- _WHAT IS REQUIRED_
Word for word, give the entries back.

- _RECORDS SUPPLIED_
(* Let $\Omega\subset\mathbb{Z}^2$ be finite, let $u:\Omega\to\{0,1\}$ be a binary image with foreground $\mathbb{X}=\{y\in\Omega:u(y)=1\}$ and background $\mathbb{X}^c=\Omega\setminus\mathbb{X}$, and let $x\in\Omega$ be a point all of whose eight neighbors lie in $\Omega$. Then $x$ is a simple point if and only if $\mathcal{C}(u_m)[x]=2$.
   Context: Neighborhoods: for $x=(x_1,x_2)$, $\mathbb{N}_4(x)=\{x'\in\Omega:|x_1-x_1'|+|x_2-x_2'|\le1\}$, $\mathbb{N}_8(x)=\{x'\in\Omega:\max(|x_1-x_1'|,|x_2-x_2'|)\le1\}$, $\mathring{\mathbb{N}}_n(x)=\mathbb{N}_n(x)\setminus\{x\}$. Foreground is 8-connected, background 4-connected. Geodesic neighborhoods w.r.t. $\mathbb{Y}\subset\Omega$: $\mathbb{N}^1_n(x,\mathbb{Y})=\mathring{\mathbb{N}}_n(x)\cap\mathbb{Y}$, $\mathbb{N}^k_n(x,\mathbb{Y})=\bigcup\{\mathbb{N}_n(y)\cap\mathring{\mathbb{N}}_8(x)\cap\mathbb{Y}:y\in\mathbb{N}^{k-1}_n(x,\mathbb{Y})\}$ for $k\ge2$. $T_4(x,\mathbb{Y})$ = number of 4-connected components of $\mathbb{N}^2_4(x,\mathbb{Y})$; $T_8(x,\mathbb{Y})$ = number of 8-connected components of $\mathbb{N}^1_8(x,\mathbb{Y})$. $x$ is a simple point iff $T_4(x,\mathbb{X}^c)=1$ and $T_8(x,\mathbb{X})=1$. Cyclic neighborhood: label the eight neighbors of $x$ as $x_1$ (top-left), $x_2$ (top), $x_3$ (top-right), $x_4$ (right), $x_5$ (bottom-right), $x_6$ (bottom), $x_7$ (bottom-left), $x_8$ (left), and set $x_9=x_1$. For a binary function $f$ on these neighbors, the crossing number is $\mathcal{C}(f)[x]=\sum_{i=1}^8\delta(|f(x_{i+1})-f(x_i)|)$ with $\delta(1)=1,\delta(0)=0$, i.e. the number of value changes $0\to1$ or $1\to0$ going once around the cycle. Define $m$ on $\mathring{\mathbb{N}}_8(x)$ by $m(y)=1$ if $y\in\mathbb{N}^2_4(x,\mathbb{X}^c)$ and $m(y)=0$ otherwise, and $u_m(y)=1-m(y)(1-u(y))$ (so $u_m(y)=0$ exactly when $y\in\mathbb{N}^2_4(x,\mathbb{X}^c)$). *)

theory Defs
  imports Main
begin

- _RESPONSE TO THE TASK_
(* Let $\Omega\subset\mathbb{Z}^2$ be finite, let $u:\Omega\to\{0,1\}$ be a binary image with foreground $\mathbb{X}=\{y\in\Omega:u(y)=1\}$ and background $\mathbb{X}^c=\Omega\setminus\mathbb{X}$, and let $x\in\Omega$ be a point all of whose eight neighbors lie in $\Omega$. Then $x$ is a simple point if and only if $\mathcal{C}(u_m)[x]=2$.
   Context: Neighborhoods: for $x=(x_1,x_2)$, $\mathbb{N}_4(x)=\{x'\in\Omega:|x_1-x_1'|+|x_2-x_2'|\le1\}$, $\mathbb{N}_8(x)=\{x'\in\Omega:\max(|x_1-x_1'|,|x_2-x_2'|)\le1\}$, $\mathring{\mathbb{N}}_n(x)=\mathbb{N}_n(x)\setminus\{x\}$. Foreground is 8-connected, background 4-connected. Geodesic neighborhoods w.r.t. $\mathbb{Y}\subset\Omega$: $\mathbb{N}^1_n(x,\mathbb{Y})=\mathring{\mathbb{N}}_n(x)\cap\mathbb{Y}$, $\mathbb{N}^k_n(x,\mathbb{Y})=\bigcup\{\mathbb{N}_n(y)\cap\mathring{\mathbb{N}}_8(x)\cap\mathbb{Y}:y\in\mathbb{N}^{k-1}_n(x,\mathbb{Y})\}$ for $k\ge2$. $T_4(x,\mathbb{Y})$ = number of 4-connected components of $\mathbb{N}^2_4(x,\mathbb{Y})$; $T_8(x,\mathbb{Y})$ = number of 8-connected components of $\mathbb{N}^1_8(x,\mathbb{Y})$. $x$ is a simple point iff $T_4(x,\mathbb{X}^c)=1$ and $T_8(x,\mathbb{X})=1$. Cyclic neighborhood: label the eight neighbors of $x$ as $x_1$ (top-left), $x_2$ (top), $x_3$ (top-right), $x_4$ (right), $x_5$ (bottom-right), $x_6$ (bottom), $x_7$ (bottom-left), $x_8$ (left), and set $x_9=x_1$. For a binary function $f$ on these neighbors, the crossing number is $\mathcal{C}(f)[x]=\sum_{i=1}^8\delta(|f(x_{i+1})-f(x_i)|)$ with $\delta(1)=1,\delta(0)=0$, i.e. the number of value changes $0\to1$ or $1\to0$ going once around the cycle. Define $m$ on $\mathring{\mathbb{N}}_8(x)$ by $m(y)=1$ if $y\in\mathbb{N}^2_4(x,\mathbb{X}^c)$ and $m(y)=0$ otherwise, and $u_m(y)=1-m(y)(1-u(y))$ (so $u_m(y)=0$ exactly when $y\in\mathbb{N}^2_4(x,\mathbb{X}^c)$). *)

theory Defs
  imports Main
begin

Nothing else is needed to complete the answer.